University building design highlights warmth, functionality, and bioretention

The University of Massachusetts Amherst’s School of Public Health & Health Services (SPHHS) building is being constructed. Image courtesy Leers Weinzapfel Associates

The University of Massachusetts Amherst’s School of Public Health & Health Services (SPHHS) building is currently under construction.

The 2,489 m2 (26,800 sf) project will include team-based learning classrooms, seminar rooms, collaboration spaces, advising offices, and, at its center, a school-wide common space overlooking an exterior entry plaza.

Currently, SPHHS’s learning spaces are dispersed on the campus.

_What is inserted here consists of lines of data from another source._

(* Let $\Omega\subseteq\mathbb{R}^{m\times m}$, let $\mathcal{P}\subseteq\mathbb{R}^{m\times m}$, and let $s:\Omega^2\times\mathcal{P}\to\mathbb{R}$ be a $P$-score. Let $n\ge 2$ and define the $\mathcal{G}$-align distance function induced by $s$ as $d_{\mathcal{G}}:\Omega^n\to\mathbb{R}$, $$d_{\mathcal{G}}(A_1,\dots,A_n)=\min_{P\in S}\frac12\sum_{i,j\in[n]} s(A_i,A_j,P_{i,j}),$$ where $S$ is the set of families $\{P_{i,j}\}_{i,j\in[n]}$ with $P_{i,j}\in\mathcal{P}$ for all $i,j$, $P_{i,k}P_{k,j}=P_{i,j}$ for all $i,j,k\in[n]$, and $P_{i,i}=I$ for all $i\in[n]$. Then $d_{\mathcal{G}}$ is a pseudo $n$-metric.
   Context: $[n]=\{1,\dots,n\}$. A map $s:\Omega^2\times\mathcal{P}\to\mathbb{R}$ is a $P$-score if $\mathcal{P}$ is closed under inversion (and, implicitly, contains $I$ and the products appearing below), and for all $P,P'\in\mathcal{P}$ and $A,B,C\in\Omega$: $s(A,B,P)\ge 0$; $s(A,A,I)=0$; $s(A,B,P)=s(B,A,P^{-1})$; $s(A,B,P)+s(B,C,P')\ge s(A,C,PP')$. Notation: $A_{1:n}=(A_1,\dots,A_n)$; for $A_{n+1}\in\Omega$, $A^i_{1:n,n+1}$ is $A_{1:n}$ with $A_i$ replaced by $A_{n+1}$; $A_{\sigma(1:n)}$ is the sequence with $i$-th entry $A_{\sigma(i)}$ for a permutation $\sigma$. A map $D:\Omega^n\to\mathbb{R}$ is a pseudo $n$-metric if for all $A_1,\dots,A_{n+1}\in\Omega$ and all permutations $\sigma$: $D(A_{1:n})\ge0$; $D(A_{1:n})=D(A_{\sigma(1:n)})$; $D(A_{1:n})\le\sum_{i=1}^n D(A^i_{1:n,n+1})$; and $D(A,\dots,A)=0$ for all $A\in\Omega$. *)

theory Defs
  imports "HOL-Analysis.Analysis" "HOL-Combinatorics.Permutations"
begin

type_synonym 'm mat = "real^'m^'m"

text \<open>The set \<P> is assumed to contain
  the identity, to be closed under inversion (its elements being invertible) and under the
  products appearing in the triangle inequality.\<close>
definition is_P_score :: "'m::finite mat set \<Rightarrow> 'm mat set \<Rightarrow> ('m mat \<Rightarrow> 'm mat \<Rightarrow> 'm mat \<Rightarrow> real) \<Rightarrow> bool" where
  "is_P_score \<Omega> \<P> s \<longleftrightarrow>
     mat 1 \<in> \<P> \<and>
     (\<forall>P\<in>\<P>. invertible P \<and> matrix_inv P \<in> \<P>) \<and>
     (\<forall>P\<in>\<P>. \<forall>P'\<in>\<P>. P ** P' \<in> \<P>) \<and>
     (\<forall>A\<in>\<Omega>. \<forall>B\<in>\<Omega>. \<forall>P\<in>\<P>. s A B P \<ge> 0) \<and>
     (\<forall>A\<in>\<Omega>. s A A (mat 1) = 0) \<and>
     (\<forall>A\<in>\<Omega>. \<forall>B\<in>\<Omega>. \<forall>P\<in>\<P>. s A B P = s B A (matrix_inv P)) \<and>
     (\<forall>A\<in>\<Omega>. \<forall>B\<in>\<Omega>. \<forall>C\<in>\<Omega>. \<forall>P\<in>\<P>. \<forall>P'\<in>\<P>. s A B P + s B C P' \<ge> s A C (P ** P'))"
definition psi_state :: "real \<Rightarrow> real \<Rightarrow> real \<Rightarrow> nat \<Rightarrow> nat \<Rightarrow> complex" where
  "psi_state \<alpha> \<theta> \<mu> a r =
     (if a = 0 \<and> r = 0 then complex_of_real (cos \<alpha>)
      else if a = 1 \<and> r = 0 then complex_of_real (sin \<alpha> * cos \<mu>) * cis \<theta>
      else if a = 1 \<and> r = 1 then complex_of_real (sin \<alpha> * sin \<mu>)
      else 0)"

definition phi_state :: "real \<Rightarrow> nat \<Rightarrow> nat \<Rightarrow> complex" where
  "phi_state \<beta> b s =
     (if b = 0 \<and> s = 0 then complex_of_real (cos \<beta>)
      else if b = 1 \<and> s = 1 then complex_of_real (sin \<beta>)
      else 0)"

end

theory Submission
  imports Defs "Jordan_Normal_Form.Schur_Decomposition"
    "HOL-Computational_Algebra.Fundamental_Theorem_Algebra"
begin

(* Every term sigma_j (x) sigma_j of U flips the qubits A and B together or leaves both alone, so
   U conserves the parity of a + b.  With |phi(beta)> on B R_B, the output amplitude at
   |a, r>|b, s> therefore only involves the input component |a'>_A with a' = a + b + s (mod 2).
   Consequently |psi(alpha; theta, mu)> and |phi(alpha)>, which have the same diagonal reduced
   state on A but differ in the coherence between |0>_A and |1>_A, yield reduced states on B R_B
   that agree on the entries of even parity; for |phi(alpha)> the entries of odd parity vanish.
   So the second reduced state is the pinching (rho + V rho V^dagger)/2 of the first one, where
   V = diag((-1)^(b + s)).  Pinching does not decrease the von Neumann entropy: by the spectral
   theorem, the eigenvalues of the pinched state are a doubly stochastic average of those of rho,
   and t -> - t log t is concave.  Hence a maximiser of the form |psi> (x) |phi(beta)> can be
   replaced by |phi(alpha)> (x) |phi(beta)>. *)

section \<open>Adjoints and unitary matrices\<close>

lemma cnj_mult_self: "z * cnj z = (complex_of_real (cmod z))\<^sup>2"
  by (metis complex_norm_square of_real_power)

lemma mat_adjoint_dim [simp]:
  "dim_row (mat_adjoint A) = dim_col A" "dim_col (mat_adjoint A) = dim_row A"
  by (simp_all add: mat_adjoint_def)

lemma mat_adjoint_index [simp]:
  fixes A :: "complex mat"
  shows "i < dim_col A \<Longrightarrow> j < dim_row A \<Longrightarrow> mat_adjoint A $$ (i,j) = cnj (A $$ (j,i))"
  by (simp add: mat_adjoint_def mat_of_rows_index)

lemma mat_adjoint_carrier [simp]: "A \<in> carrier_mat n m \<Longrightarrow> mat_adjoint A \<in> carrier_mat m n"
  unfolding carrier_mat_def by simp

lemma mat_adjoint_adjoint [simp]: "mat_adjoint (mat_adjoint A) = (A :: complex mat)"
  by (rule eq_matI) simp_all

lemma mat_adjoint_mult:
  fixes A B :: "complex mat"
  assumes "A \<in> carrier_mat n k" "B \<in> carrier_mat k m"
  shows "mat_adjoint (A * B) = mat_adjoint B * mat_adjoint A"
  by (rule eq_matI) (use assms in \<open>simp_all add: scalar_prod_def cnj_sum mult.commute\<close>)

lemma mat_adjoint_one [simp]: "mat_adjoint (1\<^sub>m n :: complex mat) = 1\<^sub>m n"
  by (rule eq_matI) simp_all

lemma mat_adjoint_zero [simp]: "mat_adjoint (0\<^sub>m n m :: complex mat) = 0\<^sub>m m n"
  by (rule eq_matI) simp_all

lemma mat_adjoint_four_block_mat:
  fixes A B C D :: "complex mat"
  assumes "A \<in> carrier_mat n1 m1" "B \<in> carrier_mat n1 m2" "C \<in> carrier_mat n2 m1" "D \<in> carrier_mat n2 m2"
  shows "mat_adjoint (four_block_mat A B C D) =
    four_block_mat (mat_adjoint A) (mat_adjoint C) (mat_adjoint B) (mat_adjoint D)"
  by (rule eq_matI) (use assms in simp_all)

lemma mat_adjoint_add:
  fixes A B :: "complex mat"
  assumes "A \<in> carrier_mat n m" "B \<in> carrier_mat n m"
  shows "mat_adjoint (A + B) = mat_adjoint A + mat_adjoint B"
  by (rule eq_matI) (use assms in simp_all)

lemma mat_adjoint_smult:
  fixes A :: "complex mat"
  shows "mat_adjoint (c \<cdot>\<^sub>m A) = cnj c \<cdot>\<^sub>m mat_adjoint A"
  by (rule eq_matI) simp_all

lemma diag_adjoint_mult_self:
  fixes H :: "complex mat"
  assumes "H \<in> carrier_mat p n" "k < n"
  shows "(mat_adjoint H * H) $$ (k,k) = of_real (\<Sum>l<p. (cmod (H $$ (l,k)))\<^sup>2)"
  using assms by (simp add: scalar_prod_def lessThan_atLeast0 cnj_mult_self mult.commute)

definition unitary :: "nat \<Rightarrow> complex mat \<Rightarrow> bool" where
  "unitary n U \<longleftrightarrow> U \<in> carrier_mat n n \<and> mat_adjoint U * U = 1\<^sub>m n \<and> U * mat_adjoint U = 1\<^sub>m n"

lemma unitaryI:
  assumes "U \<in> carrier_mat n n" "mat_adjoint U * U = 1\<^sub>m n"
  shows "unitary n U"
  using assms mat_mult_left_right_inverse[OF mat_adjoint_carrier[OF assms(1)] assms]
  unfolding unitary_def by simp

lemma unitary_carrier: "unitary n U \<Longrightarrow> U \<in> carrier_mat n n"
  unfolding unitary_def by simp

lemma unitary_adjoint: "unitary n U \<Longrightarrow> unitary n (mat_adjoint U)"
  unfolding unitary_def by simp

lemma unitary_mult:
  assumes U: "unitary n U" and V: "unitary n V"
  shows "unitary n (U * V)"
proof (rule unitaryI)
  have c: "U \<in> carrier_mat n n" "V \<in> carrier_mat n n"
    using U V by (simp_all add: unitary_carrier)
  then show "U * V \<in> carrier_mat n n" by simp
  have "mat_adjoint (U * V) * (U * V) = mat_adjoint V * ((mat_adjoint U * U) * V)"
    using c by (simp add: mat_adjoint_mult[of _ n n _ n] assoc_mult_mat[of _ n n _ n _ n])
  then show "mat_adjoint (U * V) * (U * V) = 1\<^sub>m n"
    using U V c unfolding unitary_def by simp
qed

lemma unitary_cancel:
  assumes U: "unitary n U" and X: "X \<in> carrier_mat n k"
  shows "mat_adjoint U * (U * X) = X" "U * (mat_adjoint U * X) = X"
proof -
  have c: "U \<in> carrier_mat n n" "mat_adjoint U \<in> carrier_mat n n"
    using U by (simp_all add: unitary_carrier)
  show "mat_adjoint U * (U * X) = X" "U * (mat_adjoint U * X) = X"
    using U X c by (simp_all add: assoc_mult_mat[symmetric, of _ n n _ n _ k] unitary_def)
qed

lemma unitary_conj_cancel:
  assumes W: "unitary n W" and D: "D \<in> carrier_mat n n"
  shows "mat_adjoint W * (W * D * mat_adjoint W) * W = D"
proof -
  have c: "W \<in> carrier_mat n n" "mat_adjoint W \<in> carrier_mat n n"
    using W by (simp_all add: unitary_carrier)
  then show ?thesis
    using W D by (simp add: assoc_mult_mat[of _ n n _ n _ n] unitary_cancel[OF W] unitary_def)
qed

lemma unitary_conj_eq_iff:
  assumes W: "unitary n W" and A: "A \<in> carrier_mat n n" and D: "D \<in> carrier_mat n n"
  shows "A = W * D * mat_adjoint W \<longleftrightarrow> mat_adjoint W * A * W = D"
  using unitary_conj_cancel[OF W D] unitary_conj_cancel[OF unitary_adjoint[OF W] A] by auto

lemma unitary_col_norm:
  assumes "unitary n U" "k < n"
  shows "(\<Sum>i<n. (cmod (U $$ (i,k)))\<^sup>2) = 1"
proof -
  have "(mat_adjoint U * U) $$ (k,k) = of_real (\<Sum>i<n. (cmod (U $$ (i,k)))\<^sup>2)"
    using assms by (subst diag_adjoint_mult_self) (simp_all add: unitary_carrier)
  moreover have "(mat_adjoint U * U) $$ (k,k) = 1"
    using assms by (simp add: unitary_def)
  ultimately show ?thesis
    by (metis of_real_eq_1_iff)
qed

lemma unitary_row_norm:
  assumes "unitary n U" "i < n"
  shows "(\<Sum>k<n. (cmod (U $$ (i,k)))\<^sup>2) = 1"
  using unitary_col_norm[OF unitary_adjoint[OF assms(1)] assms(2)] assms unitary_carrier[OF assms(1)]
  by simp

lemma unitary_four_block_mat:
  assumes "unitary m W"
  shows "unitary (Suc m) (four_block_mat (1\<^sub>m 1) (0\<^sub>m 1 m) (0\<^sub>m m 1) W)"
proof (rule unitaryI)
  have W: "W \<in> carrier_mat m m" "mat_adjoint W * W = 1\<^sub>m m"
    using assms unfolding unitary_def by simp_all
  then show "four_block_mat (1\<^sub>m 1) (0\<^sub>m 1 m) (0\<^sub>m m 1) W \<in> carrier_mat (Suc m) (Suc m)"
    using four_block_carrier_mat[OF one_carrier_mat[of 1] W(1)] by simp
  show "mat_adjoint (four_block_mat (1\<^sub>m 1) (0\<^sub>m 1 m) (0\<^sub>m m 1) W) *
      four_block_mat (1\<^sub>m 1) (0\<^sub>m 1 m) (0\<^sub>m m 1) W = 1\<^sub>m (Suc m)"
    by (subst mat_adjoint_four_block_mat[of _ 1 1 _ m _ m], use W in simp_all)
      (subst mult_four_block_mat[of _ 1 1 _ m _ m _ _ 1 _ m], use W in simp_all)
qed

lemma mult_smult_add_mult:
  fixes A B E F :: "complex mat"
  assumes "A \<in> carrier_mat n n" "B \<in> carrier_mat n n" "E \<in> carrier_mat n n" "F \<in> carrier_mat n n"
  shows "F * (c \<cdot>\<^sub>m (A + B)) * E = c \<cdot>\<^sub>m (F * A * E + F * B * E)"
proof -
  have "F * (c \<cdot>\<^sub>m (A + B)) = c \<cdot>\<^sub>m (F * A + F * B)"
    using assms by (simp add: mult_smult_distrib[of F n n _ n] mult_add_distrib_mat[of F n n])
  then show ?thesis
    using assms by (simp add: mult_smult_assoc_mat[of _ n n E n] add_mult_distrib_mat[of _ n n _ E n])
qed

lemma mat_adjoint_mat_diag: "mat_adjoint (mat_diag n f) = mat_diag n (\<lambda>i. cnj (f i))"
  by (rule eq_matI) (simp_all add: mat_diag_def)

lemma unitary_mat_diag:
  assumes "\<And>i. i < n \<Longrightarrow> cnj (f i) * f i = 1"
  shows "unitary n (mat_diag n f)"
proof (rule unitaryI)
  have "mat_adjoint (mat_diag n f) * mat_diag n f = mat_diag n (\<lambda>i. cnj (f i) * f i)"
    by (simp add: mat_adjoint_mat_diag)
  also have "\<dots> = 1\<^sub>m n"
    by (rule eq_matI) (simp_all add: mat_diag_def assms)
  finally show "mat_adjoint (mat_diag n f) * mat_diag n f = 1\<^sub>m n" .
qed simp

lemma mat_diag_conj_index:
  assumes "A \<in> carrier_mat n n" "a < n" "b < n"
  shows "(mat_diag n f * A * mat_adjoint (mat_diag n f)) $$ (a,b) = f a * cnj (f b) * A $$ (a,b)"
  using assms by (simp add: mat_adjoint_mat_diag mat_diag_mult_left mat_diag_mult_right[of _ n n])

section \<open>Spectral theorem for Hermitian matrices\<close>

lemma cscalar_prod_self:
  assumes "w \<in> carrier_vec n"
  shows "w \<bullet>c w = of_real (\<Sum>k<n. (cmod (w $ k))\<^sup>2)"
  using assms by (simp add: scalar_prod_def cnj_mult_self lessThan_atLeast0)

lemma cscalar_prod_self_normalize:
  fixes w :: "complex vec"
  assumes "w \<in> carrier_vec n" "w \<bullet>c w \<noteq> 0"
  defines "c \<equiv> complex_of_real (1 / sqrt (Re (w \<bullet>c w)))"
  shows "c * c * (w \<bullet>c w) = 1"
proof -
  define r where "r = (\<Sum>k<n. (cmod (w $ k))\<^sup>2)"
  have w: "w \<bullet>c w = of_real r"
    unfolding r_def by (rule cscalar_prod_self[OF assms(1)])
  have "r \<ge> 0"
    unfolding r_def by (simp add: sum_nonneg)
  with assms(2) w have "r > 0"
    by simp
  with w show ?thesis
    unfolding c_def by (simp flip: of_real_mult add: field_simps)
qed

The school’s new HUB project, designed by Leers Weinzapfel Architects, will create a unified gathering place.

A large plaza between the new and existing buildings will open to the main campus to the south.

Mass timber structure and a wood stair will highlight the warm and inviting shared space.

A wildflower-lined bioretention system designed with a series of weirs and spillways daylights stormwater runoff, minimizing underground pipes and cisterns.

To enter, the visitor will pass through the shaded plaza, past the glazed common area, and into a link connecting the gym and the HUB.

The exterior envelope takes inspiration from the material palette of the adjacent Totman building.

The ground floor features warm-toned metal panels, while the upper floors feature light brick in a textured pattern, referencing the limestone pilasters that define the Totman entry.

Bird-friendly triple-glazing is used throughout, with deep vertical fins providing sunlight and glare control in the glazed common area.

The project is scheduled to be completed by 2026.